» TASK REQUIREMENTS
The data should be printed in full, character for character.

◇ ◇ ◇

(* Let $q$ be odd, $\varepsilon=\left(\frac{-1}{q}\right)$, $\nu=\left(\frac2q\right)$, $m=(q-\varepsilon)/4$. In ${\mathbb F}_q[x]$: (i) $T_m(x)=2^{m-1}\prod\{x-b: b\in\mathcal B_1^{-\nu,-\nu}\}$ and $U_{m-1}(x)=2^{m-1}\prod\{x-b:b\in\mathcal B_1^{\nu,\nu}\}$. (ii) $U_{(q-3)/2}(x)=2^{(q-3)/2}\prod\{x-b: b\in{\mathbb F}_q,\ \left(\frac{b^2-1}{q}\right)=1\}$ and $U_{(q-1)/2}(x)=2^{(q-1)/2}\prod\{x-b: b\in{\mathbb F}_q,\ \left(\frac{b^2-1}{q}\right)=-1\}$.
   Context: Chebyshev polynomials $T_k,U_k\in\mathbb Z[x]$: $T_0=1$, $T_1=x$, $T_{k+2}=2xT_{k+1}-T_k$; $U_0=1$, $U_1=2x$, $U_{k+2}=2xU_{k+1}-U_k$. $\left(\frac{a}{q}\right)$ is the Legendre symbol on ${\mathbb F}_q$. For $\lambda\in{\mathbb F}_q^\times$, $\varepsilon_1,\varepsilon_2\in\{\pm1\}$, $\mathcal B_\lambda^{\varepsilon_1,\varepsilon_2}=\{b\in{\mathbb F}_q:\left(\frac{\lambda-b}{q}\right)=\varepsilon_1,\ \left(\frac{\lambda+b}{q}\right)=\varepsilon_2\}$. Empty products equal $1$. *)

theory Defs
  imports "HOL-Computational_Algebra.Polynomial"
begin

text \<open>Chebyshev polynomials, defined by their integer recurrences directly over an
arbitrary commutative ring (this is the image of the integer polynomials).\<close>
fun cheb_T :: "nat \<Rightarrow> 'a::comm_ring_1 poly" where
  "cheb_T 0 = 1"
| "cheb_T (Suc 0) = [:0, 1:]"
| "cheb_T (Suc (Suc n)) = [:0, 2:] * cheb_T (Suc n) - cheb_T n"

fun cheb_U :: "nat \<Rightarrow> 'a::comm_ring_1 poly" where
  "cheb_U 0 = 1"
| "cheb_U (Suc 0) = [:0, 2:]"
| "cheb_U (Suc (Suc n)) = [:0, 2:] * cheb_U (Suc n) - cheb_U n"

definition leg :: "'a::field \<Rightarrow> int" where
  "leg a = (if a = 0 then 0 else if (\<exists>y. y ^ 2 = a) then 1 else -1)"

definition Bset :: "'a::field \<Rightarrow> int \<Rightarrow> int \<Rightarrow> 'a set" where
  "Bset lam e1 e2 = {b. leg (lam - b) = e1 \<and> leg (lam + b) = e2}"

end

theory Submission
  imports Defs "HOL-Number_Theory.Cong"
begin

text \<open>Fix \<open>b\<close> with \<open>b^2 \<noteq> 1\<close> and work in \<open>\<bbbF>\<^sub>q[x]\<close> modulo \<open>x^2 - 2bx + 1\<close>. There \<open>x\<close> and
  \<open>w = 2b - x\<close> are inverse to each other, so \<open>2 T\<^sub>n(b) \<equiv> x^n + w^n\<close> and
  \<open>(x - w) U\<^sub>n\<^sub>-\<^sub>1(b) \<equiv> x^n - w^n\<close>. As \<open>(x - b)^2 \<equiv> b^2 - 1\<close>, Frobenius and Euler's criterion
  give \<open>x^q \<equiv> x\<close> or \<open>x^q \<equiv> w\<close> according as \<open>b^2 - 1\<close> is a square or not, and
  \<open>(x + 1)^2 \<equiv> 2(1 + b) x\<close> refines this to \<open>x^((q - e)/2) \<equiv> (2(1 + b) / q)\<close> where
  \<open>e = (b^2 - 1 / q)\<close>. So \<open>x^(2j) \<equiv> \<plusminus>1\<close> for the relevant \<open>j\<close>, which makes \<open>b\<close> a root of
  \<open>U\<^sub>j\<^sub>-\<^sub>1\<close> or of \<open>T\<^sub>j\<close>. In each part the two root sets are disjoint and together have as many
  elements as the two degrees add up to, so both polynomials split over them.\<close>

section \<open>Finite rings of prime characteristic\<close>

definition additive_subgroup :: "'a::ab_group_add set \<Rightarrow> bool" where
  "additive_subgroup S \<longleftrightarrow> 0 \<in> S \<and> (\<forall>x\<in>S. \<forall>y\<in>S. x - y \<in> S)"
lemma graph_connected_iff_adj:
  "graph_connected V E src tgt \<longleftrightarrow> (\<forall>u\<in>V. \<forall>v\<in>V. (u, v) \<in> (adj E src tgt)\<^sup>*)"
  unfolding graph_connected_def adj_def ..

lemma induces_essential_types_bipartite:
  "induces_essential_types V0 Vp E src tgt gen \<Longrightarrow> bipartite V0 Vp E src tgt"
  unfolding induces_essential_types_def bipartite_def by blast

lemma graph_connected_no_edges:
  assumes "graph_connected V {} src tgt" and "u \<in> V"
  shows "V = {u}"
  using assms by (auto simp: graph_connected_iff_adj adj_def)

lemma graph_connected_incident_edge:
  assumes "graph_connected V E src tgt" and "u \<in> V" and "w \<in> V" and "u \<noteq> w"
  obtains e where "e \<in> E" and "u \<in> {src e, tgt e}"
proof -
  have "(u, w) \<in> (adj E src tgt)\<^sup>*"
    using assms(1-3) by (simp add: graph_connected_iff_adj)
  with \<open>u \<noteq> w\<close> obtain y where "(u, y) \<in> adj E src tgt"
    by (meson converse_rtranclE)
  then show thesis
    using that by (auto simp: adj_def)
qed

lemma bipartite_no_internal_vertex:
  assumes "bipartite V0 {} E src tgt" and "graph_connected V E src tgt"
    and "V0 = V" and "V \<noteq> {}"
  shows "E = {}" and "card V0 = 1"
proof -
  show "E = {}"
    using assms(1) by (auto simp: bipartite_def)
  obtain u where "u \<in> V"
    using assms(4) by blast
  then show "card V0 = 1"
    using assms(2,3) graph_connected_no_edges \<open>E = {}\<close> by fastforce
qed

◇ ◇ ◇

» SOLUTION BELOW
(* Let $q$ be odd, $\varepsilon=\left(\frac{-1}{q}\right)$, $\nu=\left(\frac2q\right)$, $m=(q-\varepsilon)/4$. In ${\mathbb F}_q[x]$: (i) $T_m(x)=2^{m-1}\prod\{x-b: b\in\mathcal B_1^{-\nu,-\nu}\}$ and $U_{m-1}(x)=2^{m-1}\prod\{x-b:b\in\mathcal B_1^{\nu,\nu}\}$. (ii) $U_{(q-3)/2}(x)=2^{(q-3)/2}\prod\{x-b: b\in{\mathbb F}_q,\ \left(\frac{b^2-1}{q}\right)=1\}$ and $U_{(q-1)/2}(x)=2^{(q-1)/2}\prod\{x-b: b\in{\mathbb F}_q,\ \left(\frac{b^2-1}{q}\right)=-1\}$.
   Context: Chebyshev polynomials $T_k,U_k\in\mathbb Z[x]$: $T_0=1$, $T_1=x$, $T_{k+2}=2xT_{k+1}-T_k$; $U_0=1$, $U_1=2x$, $U_{k+2}=2xU_{k+1}-U_k$. $\left(\frac{a}{q}\right)$ is the Legendre symbol on ${\mathbb F}_q$. For $\lambda\in{\mathbb F}_q^\times$, $\varepsilon_1,\varepsilon_2\in\{\pm1\}$, $\mathcal B_\lambda^{\varepsilon_1,\varepsilon_2}=\{b\in{\mathbb F}_q:\left(\frac{\lambda-b}{q}\right)=\varepsilon_1,\ \left(\frac{\lambda+b}{q}\right)=\varepsilon_2\}$. Empty products equal $1$. *)

theory Defs
  imports "HOL-Computational_Algebra.Polynomial"
begin

text \<open>Chebyshev polynomials, defined by their integer recurrences directly over an
arbitrary commutative ring (this is the image of the integer polynomials).\<close>
fun cheb_T :: "nat \<Rightarrow> 'a::comm_ring_1 poly" where
  "cheb_T 0 = 1"
| "cheb_T (Suc 0) = [:0, 1:]"
| "cheb_T (Suc (Suc n)) = [:0, 2:] * cheb_T (Suc n) - cheb_T n"

fun cheb_U :: "nat \<Rightarrow> 'a::comm_ring_1 poly" where
  "cheb_U 0 = 1"
| "cheb_U (Suc 0) = [:0, 2:]"
| "cheb_U (Suc (Suc n)) = [:0, 2:] * cheb_U (Suc n) - cheb_U n"

definition leg :: "'a::field \<Rightarrow> int" where
  "leg a = (if a = 0 then 0 else if (\<exists>y. y ^ 2 = a) then 1 else -1)"

definition Bset :: "'a::field \<Rightarrow> int \<Rightarrow> int \<Rightarrow> 'a set" where
  "Bset lam e1 e2 = {b. leg (lam - b) = e1 \<and> leg (lam + b) = e2}"

end

theory Submission
  imports Defs "HOL-Number_Theory.Cong"
begin

text \<open>Fix \<open>b\<close> with \<open>b^2 \<noteq> 1\<close> and work in \<open>\<bbbF>\<^sub>q[x]\<close> modulo \<open>x^2 - 2bx + 1\<close>. There \<open>x\<close> and
  \<open>w = 2b - x\<close> are inverse to each other, so \<open>2 T\<^sub>n(b) \<equiv> x^n + w^n\<close> and
  \<open>(x - w) U\<^sub>n\<^sub>-\<^sub>1(b) \<equiv> x^n - w^n\<close>. As \<open>(x - b)^2 \<equiv> b^2 - 1\<close>, Frobenius and Euler's criterion
  give \<open>x^q \<equiv> x\<close> or \<open>x^q \<equiv> w\<close> according as \<open>b^2 - 1\<close> is a square or not, and
  \<open>(x + 1)^2 \<equiv> 2(1 + b) x\<close> refines this to \<open>x^((q - e)/2) \<equiv> (2(1 + b) / q)\<close> where
  \<open>e = (b^2 - 1 / q)\<close>. So \<open>x^(2j) \<equiv> \<plusminus>1\<close> for the relevant \<open>j\<close>, which makes \<open>b\<close> a root of
  \<open>U\<^sub>j\<^sub>-\<^sub>1\<close> or of \<open>T\<^sub>j\<close>. In each part the two root sets are disjoint and together have as many
  elements as the two degrees add up to, so both polynomials split over them.\<close>

section \<open>Finite rings of prime characteristic\<close>

definition additive_subgroup :: "'a::ab_group_add set \<Rightarrow> bool" where
  "additive_subgroup S \<longleftrightarrow> 0 \<in> S \<and> (\<forall>x\<in>S. \<forall>y\<in>S. x - y \<in> S)"
lemma graph_connected_iff_adj:
  "graph_connected V E src tgt \<longleftrightarrow> (\<forall>u\<in>V. \<forall>v\<in>V. (u, v) \<in> (adj E src tgt)\<^sup>*)"
  unfolding graph_connected_def adj_def ..

lemma induces_essential_types_bipartite:
  "induces_essential_types V0 Vp E src tgt gen \<Longrightarrow> bipartite V0 Vp E src tgt"
  unfolding induces_essential_types_def bipartite_def by blast

lemma graph_connected_no_edges:
  assumes "graph_connected V {} src tgt" and "u \<in> V"
  shows "V = {u}"
  using assms by (auto simp: graph_connected_iff_adj adj_def)

lemma graph_connected_incident_edge:
  assumes "graph_connected V E src tgt" and "u \<in> V" and "w \<in> V" and "u \<noteq> w"
  obtains e where "e \<in> E" and "u \<in> {src e, tgt e}"
proof -
  have "(u, w) \<in> (adj E src tgt)\<^sup>*"
    using assms(1-3) by (simp add: graph_connected_iff_adj)
  with \<open>u \<noteq> w\<close> obtain y where "(u, y) \<in> adj E src tgt"
    by (meson converse_rtranclE)
  then show thesis
    using that by (auto simp: adj_def)
qed

lemma bipartite_no_internal_vertex:
  assumes "bipartite V0 {} E src tgt" and "graph_connected V E src tgt"
    and "V0 = V" and "V \<noteq> {}"
  shows "E = {}" and "card V0 = 1"
proof -
  show "E = {}"
    using assms(1) by (auto simp: bipartite_def)
  obtain u where "u \<in> V"
    using assms(4) by blast
  then show "card V0 = 1"
    using assms(2,3) graph_connected_no_edges \<open>E = {}\<close> by fastforce
qed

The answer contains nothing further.